Let me share a few examples:

In 1912, Professor William D. MacNider – the first graduate of our School of Medicine in 1901 and who later became dean – published his findings that Bright’s Disease could be prevented or remedied by administering an alkali treatment (such as sodium bicarbonate). MacNider’s work was the basis for the French and British armies’ medical treatment of soldiers during World War I, saving thousands of lives. In 1973, Patricia Waller led a team of researchers in formulating the concept of graduated driver licensing, a three-stage system designed to improve driving through practical experience.

Since that time, graduated driver’s license programs have been adopted in most states nationwide, making driving safer across our country.

You might be surprised to know that the first HIV/AIDS patient was admitted into UNC Hospitals in 1981. This was a disease no one wanted to talk about, much less study. The average American knew little to nothing about the disease until a decade later, when star basketball player Magic Johnson announced that he was diagnosed with the disease. But it was our star researcher, Mike Cohen, who refused to look away, and with an incredible team, he worked for decades to demonstrate that treatment with antiretroviral agents prevents HIV transmission. UNC-Chapel Hill’s leadership in the study of HIV has saved lives and made this a disease that people can now survive.

Since 1997, one of the largest research awards in our history, MEASURE Evaluation has worked with developing countries to strengthen their public health information systems. A lack of information, particularly in rural areas around the world, means that solutions to some of the most basic health concerns can’t be addressed. MEASURE’s researchers span the globe and give people the information they need to do their jobs and improve health around the world.

I could talk all day about our researchers and we still wouldn’t cover it all.

Carolina’s research enterprise has quadrupled since the late 1990s and doubled in just the last 15 years. Today, we are a global research powerhouse that attracts over $1.2 billion annually to North Carolina in research funding. But our research is not just about the numbers, it’s about the impact that we have on the lives of people around the world.
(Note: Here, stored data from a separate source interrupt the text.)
text \<open>m-expansion: F_{-1} = S is coded as F 0, F_l as F (l+1); the filtration is finite
  (for finite T it necessarily is), ending in T.\<close>

definition m_expansion :: "'a sset \<Rightarrow> nat \<Rightarrow> (nat \<Rightarrow> 'a set) \<Rightarrow> bool" where
  "m_expansion T m S \<longleftrightarrow> 0 < m \<and> is_subcomplex T S \<and>
     (\<exists>L (F :: nat \<Rightarrow> nat \<Rightarrow> 'a set) (nn :: nat \<Rightarrow> nat) (ii :: nat \<Rightarrow> nat) (xs :: nat \<Rightarrow> 'a).
        F 0 = S \<and> F L = Simp T \<and>
        (\<forall>l \<le> L. is_subcomplex T (F l)) \<and>
        (\<forall>l < L. m \<le> nn l \<and> ii l \<le> nn l \<and> (\<forall>l'. l \<le> l' \<and> l' < L \<longrightarrow> nn l \<le> nn l') \<and>
                 horn_pushout T (F l) (F (Suc l)) (nn l) (ii l) (xs l)))"

record ('o, 'm) sobj =
  Ob :: "nat \<Rightarrow> 'o"
  Opm :: "nat \<Rightarrow> nat list \<Rightarrow> 'm"          (* Opm X n \<theta> : X_n \<rightarrow> X_m for \<theta> : [m] \<rightarrow> [n] *)

definition is_sobj :: "('o, 'm, 'x) category_scheme \<Rightarrow> ('o, 'm) sobj \<Rightarrow> bool" where
  "is_sobj C X \<longleftrightarrow>
     (\<forall>n. Ob X n \<in> Obj C) \<and>
     (\<forall>n m \<theta>. simp_op m n \<theta> \<longrightarrow> Opm X n \<theta> \<in> hom C (Ob X n) (Ob X m)) \<and>
     (\<forall>n. Opm X n [0..<Suc n] = Idm C (Ob X n)) \<and>
     (\<forall>l m n \<theta> \<phi>. simp_op m n \<theta> \<and> simp_op l m \<phi> \<longrightarrow>
        Comp C (Opm X m \<phi>) (Opm X n \<theta>) = Opm X n (op_comp \<theta> \<phi>))"

definition is_smorph ::
  "('o, 'm, 'x) category_scheme \<Rightarrow> ('o, 'm) sobj \<Rightarrow> ('o, 'm) sobj \<Rightarrow> (nat \<Rightarrow> 'm) \<Rightarrow> bool" where
  "is_smorph C X Y f \<longleftrightarrow> is_sobj C X \<and> is_sobj C Y \<and>
     (\<forall>n. f n \<in> hom C (Ob X n) (Ob Y n)) \<and>
     (\<forall>n m \<theta>. simp_op m n \<theta> \<longrightarrow> Comp C (f m) (Opm X n \<theta>) = Comp C (Opm Y n \<theta>) (f n))"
Our history gives me reason to hope for the future. When we think about the issues in our world today, it’s easy to be discouraged. But I have hope because I have seen what our researchers have accomplished in 229 years. What more can they do in the next 229?

The questions of our world don’t have easy solutions. As Albert Einstein said, “If we knew what we were doing, it would not be called research, would it?” We are questioning with a purpose, and it takes time, commitment and perseverance. And so today, as we celebrate the founding of our great university, we recognize the impact of that dedication and our aspirations for the future.

We are especially highlighting the work of our undergraduates, partnering with our world-class faculty, on research projects solving environmental challenges locally and around the globe. We will hear from some of them today.

They are the future problem-solvers, the future questioners, the future challengers of the status quo. And not just in the future, they are doing that right now. They give me hope and I am so excited to hear from them today.